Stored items

(* Let $n\ge 3$. The center of $U_n$ is $$Z(U_n)=\{(x_1+f(x_2,\dots,x_n),\,x_2,\dots,x_n)\mid f\in K\langle x_2,\dots,x_n\rangle,\ f(x_2+g_2,\dots,x_n+g_n)=f(x_2,\dots,x_n)\text{ for all } g_i\in K\langle x_{i+1},\dots,x_n\rangle\ (2\le i\le n-1),\ g_n\in K\}.$$
   Context: $K$ is a field of characteristic zero and $A_n=K\langle x_1,\dots,x_n\rangle$ is the free associative $K$-algebra with unity. $U_n$ is the group of unitriangular automorphisms of $A_n$: all $K$-automorphisms $(x_1+f_1,\dots,x_n+f_n)$, meaning $x_i\mapsto x_i+f_i$, with $f_i\in K\langle x_{i+1},\dots,x_n\rangle$ for $i<n$ and $f_n\in K$. *)

theory Defs
  imports Main
begin

text \<open>Noncommutative polynomials (elements of the free associative algebra)
  over a field 'k, in variables x_i indexed by natural numbers, represented as
  coefficient functions on words (lists of variable indices) with finite support.\<close>

type_synonym 'k fpoly = "nat list \<Rightarrow> 'k"

definition supp :: "'k::zero fpoly \<Rightarrow> nat list set" where
  "supp p = {w. p w \<noteq> 0}"

definition in_vars :: "nat set \<Rightarrow> 'k::zero fpoly \<Rightarrow> bool" where
  "in_vars S p \<longleftrightarrow> finite (supp p) \<and> (\<forall>w \<in> supp p. set w \<subseteq> S)"

definition pvar :: "nat \<Rightarrow> 'k::{zero,one} fpoly" where
  "pvar i = (\<lambda>w. if w = [i] then 1 else 0)"

definition pone :: "'k::{zero,one} fpoly" where
  "pone = (\<lambda>w. if w = [] then 1 else 0)"

definition padd :: "'k::plus fpoly \<Rightarrow> 'k fpoly \<Rightarrow> 'k fpoly" where
  "padd p q = (\<lambda>w. p w + q w)"

definition pmul :: "'k::comm_semiring_1 fpoly \<Rightarrow> 'k fpoly \<Rightarrow> 'k fpoly" where
  "pmul p q = (\<lambda>w. \<Sum>i\<le>length w. p (take i w) * q (drop i w))"

text \<open>Substitution x_i := phi i (the endomorphism determined by images of generators).\<close>
definition word_eval :: "(nat \<Rightarrow> 'k::comm_semiring_1 fpoly) \<Rightarrow> nat list \<Rightarrow> 'k fpoly" where
  "word_eval \<phi> w = foldr (\<lambda>i acc. pmul (\<phi> i) acc) w pone"

definition subst :: "(nat \<Rightarrow> 'k::comm_semiring_1 fpoly) \<Rightarrow> 'k fpoly \<Rightarrow> 'k fpoly" where
  "subst \<phi> p = (\<lambda>v. \<Sum>w\<in>supp p. p w * word_eval \<phi> w v)"

text \<open>Composition of endomorphisms: (comp phi psi) corresponds to subst phi o subst psi.\<close>
definition comp_end :: "(nat \<Rightarrow> 'k::comm_semiring_1 fpoly) \<Rightarrow> (nat \<Rightarrow> 'k fpoly) \<Rightarrow> (nat \<Rightarrow> 'k fpoly)" where
  "comp_end \<phi> \<psi> = (\<lambda>i. subst \<phi> (\<psi> i))"

definition A :: "nat \<Rightarrow> 'k::zero fpoly set" where
  "A n = {p. in_vars {1..n} p}"

text \<open>U_n: unitriangular automorphisms (x_1+f_1,...,x_n+f_n), f_i in K<x_{i+1},...,x_n>,
  f_n in K; encoded by the images of the generators (and x_i fixed for i outside 1..n).\<close>
definition U :: "nat \<Rightarrow> (nat \<Rightarrow> 'k::field fpoly) set" where
  "U n = {\<phi>. (\<forall>i. i \<notin> {1..n} \<longrightarrow> \<phi> i = pvar i)
            \<and> (\<forall>i\<in>{1..n}. \<exists>f. in_vars {i+1..n} f \<and> \<phi> i = padd (pvar i) f)
            \<and> bij_betw (subst \<phi>) (A n) (A n)}"

definition center_U :: "nat \<Rightarrow> (nat \<Rightarrow> 'k::field fpoly) set" where
  "center_U n = {\<phi> \<in> U n. \<forall>\<psi> \<in> U n. comp_end \<phi> \<psi> = comp_end \<psi> \<phi>}"

end

theory Submission imports Defs "HOL-Library.Poly_Mapping" begin

(* To reason
   algebraically we transfer them to Poly_Mapping: with lists made a monoid under
   concatenation, nat list \<Rightarrow>\<^sub>0 'k is the free algebra, and substitution becomes a
   ring endomorphism; hence substitutions compose (subst_comp).

   The key observation (elem_commute_at) is that elem i f commutes with an
   automorphism \<psi> on x_i, where \<psi> x_i = x_i + h with h free of x_i, iff \<psi> fixes f.
   Applied three times it gives the theorem:
   - a central \<phi> commutes with elem 1 x_j, so \<phi> fixes x_j for j \<ge> 2: \<phi> = elem 1 f;
   - elem 1 f commutes with Tri n 2 g, so f is invariant under all such g;
   - conversely, for invariant f, elem 1 f commutes with every \<psi> \<in> U_n, since \<psi> acts on
     f as the triangular automorphism of its tails, and \<psi> x_i (i \<noteq> 1) avoids x_1. *)

instantiation list :: (type) monoid_add
begin
definition zero_list_def: "0 = []"
definition plus_list_def: "(+) = (@)"
instance by standard (auto simp: zero_list_def plus_list_def)
end

type_synonym 'k pm = "nat list \<Rightarrow>\<^sub>0 'k"

abbreviation fsupp :: "'k::zero fpoly \<Rightarrow> bool" where "fsupp p \<equiv> finite (supp p)"

definition pm_of :: "'k::zero fpoly \<Rightarrow> 'k pm" where
  "pm_of p = Abs_poly_mapping p"

lemma lookup_pm_of: "fsupp p \<Longrightarrow> Poly_Mapping.lookup (pm_of p) = p"
  unfolding pm_of_def supp_def by simp

lemma pm_of_lookup [simp]: "pm_of (Poly_Mapping.lookup x) = x"
  unfolding pm_of_def by (simp add: lookup_inverse)

lemma fsupp_lookup [simp]: "fsupp (Poly_Mapping.lookup x)"
  unfolding supp_def by simp

lemma keys_pm_of: "fsupp p \<Longrightarrow> Poly_Mapping.keys (pm_of p) = supp p"
  unfolding keys.rep_eq supp_def by (simp add: lookup_pm_of supp_def)

lemma splits_img: "(\<lambda>i. (take i w, drop i w)) ` {..length w} = {(a,b). a @ b = w}"
proof (rule set_eqI, rule iffI)
  fix x assume "x \<in> {(a,b). a @ b = w}"
  then obtain a b where x: "x = (a,b)" "a @ b = w" by auto
  then show "x \<in> (\<lambda>i. (take i w, drop i w)) ` {..length w}"
    by (intro image_eqI[where x="length a"]) auto
qed auto

lemma pmul_splits: "pmul p q w = (\<Sum>(a,b)\<in>{(a,b). a @ b = w}. p a * q b)"
proof -
  have "inj_on (\<lambda>i. (take i w, drop i w)) {..length w}"
    by (rule inj_onI) (metis atMost_iff length_take min.absorb2 prod.inject)
  then show ?thesis unfolding pmul_def
    by (subst splits_img[symmetric], subst sum.reindex) simp_all
qed

lemma finite_splits: "finite {(a,b). a @ b = (w::nat list)}"
  by (subst splits_img[symmetric]) simp

lemma pmul_eq_times:
  fixes p q :: "'k::comm_semiring_1 fpoly"
  assumes "fsupp p" "fsupp q"
  shows "pmul p q = Poly_Mapping.lookup (pm_of p * pm_of q)"
proof
  fix w
  have fin: "finite {a. p a \<noteq> 0}" "finite {b. q b \<noteq> 0}" using assms unfolding supp_def by auto
  have "Poly_Mapping.lookup (pm_of p * pm_of q) w = prod_fun p q w"
    by (simp add: times_poly_mapping.rep_eq lookup_pm_of assms)
  also have "\<dots> = (\<Sum>(a, b). p a * q b when w = a + b)"
    by (rule prod_fun_unfold_prod[OF fin])
  also have "\<dots> = (\<Sum>(a,b)\<in>{(a,b). a @ b = w}. p a * q b when w = a + b)"
    by (rule Sum_any.expand_superset[OF finite_splits])
       (auto simp: plus_list_def when_def split: if_splits)
  also have "\<dots> = pmul p q w" unfolding pmul_splits
    by (rule sum.cong) (auto simp: plus_list_def)
  finally show "pmul p q w = Poly_Mapping.lookup (pm_of p * pm_of q) w" ..
qed

lemma pone_eq_one: "pone = Poly_Mapping.lookup (1 :: 'k::comm_semiring_1 pm)"
  by (auto simp: pone_def lookup_one zero_list_def when_def)

definition pm_const :: "'k::comm_ring_1 \<Rightarrow> 'k pm" where
  "pm_const c = Poly_Mapping.single 0 c"

lemma lookup_pm_const_mult: "Poly_Mapping.lookup (pm_const c * x) v = c * Poly_Mapping.lookup x v"
  unfolding pm_const_def mult_map_scale_conv_mult[symmetric]
  by (simp add: map.rep_eq when_def)

lemma pm_expand: "x = (\<Sum>a\<in>Poly_Mapping.keys x. Poly_Mapping.single a (Poly_Mapping.lookup x a))"
  by (rule poly_mapping_eqI) (simp add: lookup_sum lookup_single when_def in_keys_iff)

lemma pm_const_commute: "pm_const c * x = x * (pm_const c :: 'k::comm_ring_1 pm)"
proof -
  have "pm_const c * x =
      (\<Sum>a\<in>Poly_Mapping.keys x. pm_const c * Poly_Mapping.single a (Poly_Mapping.lookup x a))"
    by (subst pm_expand[of x]) (simp add: sum_distrib_left)
  also have "\<dots> = (\<Sum>a\<in>Poly_Mapping.keys x. Poly_Mapping.single a (Poly_Mapping.lookup x a) * pm_const c)"
    by (rule sum.cong) (simp_all add: pm_const_def mult_single mult.commute)
  also have "\<dots> = x * pm_const c"
    by (subst (2) pm_expand[of x]) (simp add: sum_distrib_right)
  finally show ?thesis .
qed

lemma pm_const_mult: "pm_const (a * b) = pm_const a * pm_const b"
  by (simp add: pm_const_def mult_single)

lemma pm_const_0 [simp]: "pm_const 0 = 0" by (simp add: pm_const_def)
lemma pm_const_1 [simp]: "pm_const 1 = 1" by (simp add: pm_const_def)

lemma pm_const_add: "pm_const (a + b) = pm_const a + pm_const b"
  by (simp add: pm_const_def single_add)

definition pm_word :: "(nat \<Rightarrow> 'k::comm_ring_1 pm) \<Rightarrow> nat list \<Rightarrow> 'k pm" where
  "pm_word \<Phi> w = foldr (\<lambda>i acc. \<Phi> i * acc) w 1"

lemma pm_word_Nil [simp]: "pm_word \<Phi> [] = 1" by (simp add: pm_word_def)
lemma pm_word_Cons [simp]: "pm_word \<Phi> (i # w) = \<Phi> i * pm_word \<Phi> w" by (simp add: pm_word_def)
lemma pm_word_append: "pm_word \<Phi> (u @ v) = pm_word \<Phi> u * pm_word \<Phi> v"
  by (induct u) (simp_all add: mult.assoc)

[EXERCISE OBJECTIVE] Can you repeat, word for word, every line above from the one containing "instantiation list :: (type) monoid_add" down to the one containing "then obtain a", including both?

[EXERCISE ANSWER]
instantiation list :: (type) monoid_add
begin
definition zero_list_def: "0 = []"
definition plus_list_def: "(+) = (@)"
instance by standard (auto simp: zero_list_def plus_list_def)
end

type_synonym 'k pm = "nat list \<Rightarrow>\<^sub>0 'k"

abbreviation fsupp :: "'k::zero fpoly \<Rightarrow> bool" where "fsupp p \<equiv> finite (supp p)"

definition pm_of :: "'k::zero fpoly \<Rightarrow> 'k pm" where
  "pm_of p = Abs_poly_mapping p"

lemma lookup_pm_of: "fsupp p \<Longrightarrow> Poly_Mapping.lookup (pm_of p) = p"
  unfolding pm_of_def supp_def by simp

lemma pm_of_lookup [simp]: "pm_of (Poly_Mapping.lookup x) = x"
  unfolding pm_of_def by (simp add: lookup_inverse)

lemma fsupp_lookup [simp]: "fsupp (Poly_Mapping.lookup x)"
  unfolding supp_def by simp

lemma keys_pm_of: "fsupp p \<Longrightarrow> Poly_Mapping.keys (pm_of p) = supp p"
  unfolding keys.rep_eq supp_def by (simp add: lookup_pm_of supp_def)

lemma splits_img: "(\<lambda>i. (take i w, drop i w)) ` {..length w} = {(a,b). a @ b = w}"
proof (rule set_eqI, rule iffI)
  fix x assume "x \<in> {(a,b). a @ b = w}"
  then obtain a b where x: "x = (a,b)" "a @ b = w" by auto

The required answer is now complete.